Understanding time in datasets
Every Liberator dataset has two columns representing the same time in different formats.
- timestamp: string format timestamp in America/New York Time.
- muts: Microseconds Unix Timestamp. An integer representation of a timestamp with microsecond precision that can be compared directly to other timestamps.
These fields are filled in for every row of data. This is never null.
The Earliest Time The Row Of Data Could Have Been Known
These time attributes represent the earliest possible time that the given row of data could have been known.
Often datasets have only a date column. For example, you regularly see daily bar data with a column that represents the day that the Open, High, Low, and Close values for a given security.
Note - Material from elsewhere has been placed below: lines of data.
definition topological_semigroup :: "('a::topological_space \<Rightarrow> 'a \<Rightarrow> 'a) \<Rightarrow> bool" where
  "topological_semigroup m \<longleftrightarrow>
     (\<forall>x y z. m (m x y) z = m x (m y z)) \<and>
     continuous_on UNIV (\<lambda>p::'a \<times> 'a. m (fst p) (snd p))"

definition open_right_unit :: "('a::topological_space \<Rightarrow> 'a \<Rightarrow> 'a) \<Rightarrow> 'a \<Rightarrow> bool" where
  "open_right_unit m e \<longleftrightarrow>
     (\<forall>x. m x e = x) \<and> (\<forall>V x. is_nhd V e \<longrightarrow> is_nhd (m x ` V) x)"

definition semiregular_space :: "'a::topological_space itself \<Rightarrow> bool" where
  "semiregular_space _ \<longleftrightarrow>
     (\<forall>(x::'a) O'. is_nhd O' x \<longrightarrow> (\<exists>U. is_nhd U x \<and> interior (closure U) \<subseteq> O'))"

definition quasi_pseudometric :: "('a \<Rightarrow> 'a \<Rightarrow> real) \<Rightarrow> bool" where
  "quasi_pseudometric d \<longleftrightarrow>
     (\<forall>x y. d x y \<ge> 0) \<and> (\<forall>x. d x x = 0) \<and> (\<forall>x y z. d x z \<le> d x y + d y z)"

definition left_subinvariant :: "('a \<Rightarrow> 'a \<Rightarrow> 'a) \<Rightarrow> ('a \<Rightarrow> 'a \<Rightarrow> real) \<Rightarrow> bool" where
  "left_subinvariant m d \<longleftrightarrow> (\<forall>x y z. d (m z x) (m z y) \<le> d x y)"

definition right_continuous_qpm :: "('a::topological_space \<Rightarrow> 'a \<Rightarrow> real) \<Rightarrow> bool" where
  "right_continuous_qpm d \<longleftrightarrow> (\<forall>x. continuous_on UNIV (d x))"

definition qball :: "('a \<Rightarrow> 'a \<Rightarrow> real) \<Rightarrow> 'a \<Rightarrow> real \<Rightarrow> 'a set" where
  "qball d x \<epsilon> = {y. d x y < \<epsilon>}"

definition qball_set :: "('a \<Rightarrow> 'a \<Rightarrow> real) \<Rightarrow> 'a set \<Rightarrow> real \<Rightarrow> 'a set" where
  "qball_set d A \<epsilon> = {y. \<exists>a\<in>A. d a y < \<epsilon>}"

definition closure_dist :: "('a::topological_space \<Rightarrow> 'a \<Rightarrow> real) \<Rightarrow> 'a set \<Rightarrow> 'a \<Rightarrow> real" where
  "closure_dist d A x = Inf {\<epsilon>. \<epsilon> > 0 \<and> x \<in> closure (qball_set d A \<epsilon>)}"

definition closure_dist_continuous :: "('a::topological_space \<Rightarrow> 'a \<Rightarrow> real) \<Rightarrow> bool" where
  "closure_dist_continuous d \<longleftrightarrow>
     (\<forall>A. A \<noteq> {} \<longrightarrow> continuous_on UNIV (closure_dist d A))"

definition generates_topology :: "('a::topological_space \<Rightarrow> 'a \<Rightarrow> real) \<Rightarrow> bool" where
  "generates_topology d \<longleftrightarrow>
     (open :: 'a set \<Rightarrow> bool) = generate_topology {qball d x \<epsilon> | x \<epsilon>. \<epsilon> > 0}"

end

theory Submission
  imports Defs
begin

(* Take a countable neighbourhood base B 0, B 1, ... at the open right unit e and shrink it to
   open neighbourhoods UNIV = U 0, U 1, ... of e with U (n+1) inside B n and
   U (n+1) U (n+1) U (n+1) inside U n. Weighting v by the infimum of 2^-n over the U n that
   contain v, let d x y be the least total weight of a chain u_1, ..., u_k with
   y = x u_1 ... u_k, capped at 1. Left multiplication maps chains to chains, so d is a
   left-subinvariant quasi-pseudometric, and Frink's halving argument shows that a chain of
   weight below 2^-n multiplies x by an element of U n. Thus the d-balls at x are squeezed
   between the sets x U n, which form a neighbourhood base at x because e is an open right unit.

   In the semiregular case, d is replaced by d' x = closure_dist d {x}, whose balls lie between
   open d-balls and their closures; d' is right-continuous precisely because d is
   closure_dist-continuous. *)

lemma topological_semigroup_assoc:
  "topological_semigroup m \<Longrightarrow> m (m x y) z = m x (m y z)"
  unfolding topological_semigroup_def by blast

lemma topological_semigroup_continuous:
  "topological_semigroup m \<Longrightarrow> continuous_on UNIV (\<lambda>p. m (fst p) (snd p))"
  unfolding topological_semigroup_def by blast

lemma topological_semigroup_continuous_left:
  assumes "topological_semigroup m"
  shows "continuous_on UNIV (m u)"
  using continuous_on_compose2[OF topological_semigroup_continuous[OF assms], of UNIV "Pair u"]
  by (simp add: continuous_on_Pair)

lemma topological_semigroup_continuous_right:
  assumes "topological_semigroup m"
  shows "continuous_on UNIV (\<lambda>s. m s u)"
  using continuous_on_compose2[OF topological_semigroup_continuous[OF assms], of UNIV "\<lambda>s. (s, u)"]
  by (simp add: continuous_on_Pair)

lemma foldl_mult_left:
  "topological_semigroup m \<Longrightarrow> foldl m (m z x) us = m z (foldl m x us)"
  by (induction us arbitrary: x) (simp_all add: topological_semigroup_assoc)

lemma open_right_unitD:
  assumes "open_right_unit m e"
  shows "m x e = x" and "is_nhd V e \<Longrightarrow> is_nhd (m x ` V) x"
  using assms unfolding open_right_unit_def by blast+

lemma is_nhd_mono: "is_nhd V x \<Longrightarrow> V \<subseteq> W \<Longrightarrow> is_nhd W x"
  unfolding is_nhd_def by blast

lemma open_iff_is_nhd: "open S \<longleftrightarrow> (\<forall>x\<in>S. is_nhd S x)"
  unfolding is_nhd_def using open_subopen by blast

lemma ex_open_square_subset:
  assumes "topological_semigroup m" "m e e = e" "open V" "e \<in> V"
  obtains W where "open W" "e \<in> W" "W \<subseteq> V" "\<And>a b. a \<in> W \<Longrightarrow> b \<in> W \<Longrightarrow> m a b \<in> V"
proof -
  let ?M = "(\<lambda>p. m (fst p) (snd p)) -` V"
  have "open ?M"
    using open_vimage[OF assms(3) topological_semigroup_continuous[OF assms(1)]] .
  moreover have "(e, e) \<in> ?M" using assms(2,4) by simp
  ultimately obtain P Q where "open P" "open Q" "(e, e) \<in> P \<times> Q" "P \<times> Q \<subseteq> ?M"
    by (rule open_prod_elim)
  show thesis
  proof (rule that[of "P \<inter> Q \<inter> V"])
    fix a b assume "a \<in> P \<inter> Q \<inter> V" "b \<in> P \<inter> Q \<inter> V"
    then have "(a, b) \<in> P \<times> Q" by blast
    with \<open>P \<times> Q \<subseteq> ?M\<close> show "m a b \<in> V" by auto
  qed (use \<open>open P\<close> \<open>open Q\<close> \<open>(e, e) \<in> P \<times> Q\<close> assms(3,4) in auto)
qed

lemma ex_open_cube_subset:
  assumes "topological_semigroup m" "m e e = e" "open V" "e \<in> V"
  obtains W where "open W" "e \<in> W" "W \<subseteq> V"
    "\<And>a b c. a \<in> W \<Longrightarrow> b \<in> W \<Longrightarrow> c \<in> W \<Longrightarrow> m (m a b) c \<in> V"
proof -
  obtain W1 where W1: "open W1" "e \<in> W1" "W1 \<subseteq> V" "\<And>a b. a \<in> W1 \<Longrightarrow> b \<in> W1 \<Longrightarrow> m a b \<in> V"
    using ex_open_square_subset[OF assms] by blast
  obtain W2 where W2: "open W2" "e \<in> W2" "W2 \<subseteq> W1" "\<And>a b. a \<in> W2 \<Longrightarrow> b \<in> W2 \<Longrightarrow> m a b \<in> W1"
    using ex_open_square_subset[OF assms(1,2) W1(1,2)] by blast
  show thesis
  proof (rule that[of W2])
    fix a b c assume "a \<in> W2" "b \<in> W2" "c \<in> W2"
    then show "m (m a b) c \<in> V" using W1(4) W2(3,4) by blast
  qed (use W1(3) W2(1-3) in auto)
qed

lemma quasi_pseudometricD:
  assumes "quasi_pseudometric d"
  shows "0 \<le> d x y" and "d x x = 0" and "d x z \<le> d x y + d y z"
  using assms unfolding quasi_pseudometric_def by blast+

lemma left_subinvariantD: "left_subinvariant m d \<Longrightarrow> d (m z x) (m z y) \<le> d x y"
  unfolding left_subinvariant_def by blast

lemma dist_mult_right_le:
  assumes "left_subinvariant m d" "m x e = x"
  shows "d x (m x u) \<le> d e u"
  using left_subinvariantD[OF assms(1), of x e u] assms(2) by simp

lemma qball_set_mono:
  assumes "\<epsilon> \<le> \<epsilon>'"
  shows "qball_set d A \<epsilon> \<subseteq> qball_set d A \<epsilon>'"
proof
  fix y assume "y \<in> qball_set d A \<epsilon>"
  then obtain a where "a \<in> A" "d a y < \<epsilon>" by (auto simp: qball_set_def)
  moreover have "d a y < \<epsilon>'" using \<open>d a y < \<epsilon>\<close> assms by linarith
  ultimately show "y \<in> qball_set d A \<epsilon>'" by (auto simp: qball_set_def)
qed

lemma qball_set_singleton [simp]: "qball_set d {x} \<epsilon> = qball d x \<epsilon>"
  by (simp add: qball_set_def qball_def)
(* Let $k\ge1$, $r=\sqrt[k]{p}$. In multi-level MS with string-based regular sampling using a sampling factor $v=\Theta(kr)=\Theta(k\sqrt[k]{p})$, the number of strings per PE is in $\mathcal{O}(n/p)$ in each level of the algorithm.
   Context: $p$ PEs hold in total $n$ strings, $\Theta(n/p)$ per PE initially. Multi-level MS (with $p=r^k$): each PE sorts its local strings; then on each level $t=1,\dots,k$ the PEs form $r^{t-1}$ groups of $p'=r^{k+1-t}$ consecutive PEs, each group independently sorting the concatenation $S'$ of its PEs' locally sorted arrays $S_i$: $r-1$ splitters $f_1<\dots<f_{r-1}$ are chosen, bucket $B^j=\bigcup_i\{s\in S_i:f_j<s\le f_{j+1}\}$ ($f_0=-\infty,f_r=\infty$) is assigned to the $j$-th subgroup of $p''=p'/r$ PEs such that each PE of that subgroup receives $|B^j|/p''$ strings, and received sequences are merged. String-based regular sampling with factor $v$: with $\omega=|S'|/(p'(v+1))$ (assumed to be an integer), PE $i$ draws $\lceil|S_i|/\omega\rceil-1$ evenly spaced samples from its sorted local array, the first PEs drawing one extra sample if fewer than $p'(v+1)$ samples result; the samples $V$ are sorted globally and $f_j=V[j|V|/r-1]$.
   Formalization: The n input strings held by the p PEs are assumed pairwise distinct. The paper assumes this as well. *)

theory Defs
  imports Complex_Main "HOL-Library.Multiset"
begin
The data might look like this:
day | symbol | open | high | low | close |
1/2/2020 | AAPL | $ 296.24 | $ 300.60 | $ 295.19 | $ 300.35 |
1/3/2020 | AAPL | $ 297.15 | $ 300.58 | $ 296.50 | $ 297.43 |
1/7/2020 | AAPL | $ 299.84 | $ 300.90 | $ 297.48 | $ 298.39 |
1/8/2020 | AAPL | $ 297.16 | $ 304.44 | $ 297.16 | $ 303.19 |
1/9/2020 | AAPL | $ 307.23 | $ 310.43 | $ 306.20 | $ 309.63 |
In this case, the earliest time that the high, low, and close values could have been known was shortly after the market closed at 4:00 pm (16:00) New York Time. Closing prints often take up to 5 minutes to be reported by the exchange. Therefore CloudQuant will typically set (a.k.a nudge) the timestamp as the day column + 16:05 hours.
Source of Timestamps and Muts
Timestamps come from multiple sources.
- The row of data itself (as shown above.)
- The time the row of data was recorded when sent to CloudQuant's Liberator using a streaming API
- A File timestamp from the underlying file that feeds Liberator
- A database timestamp
- The download completion time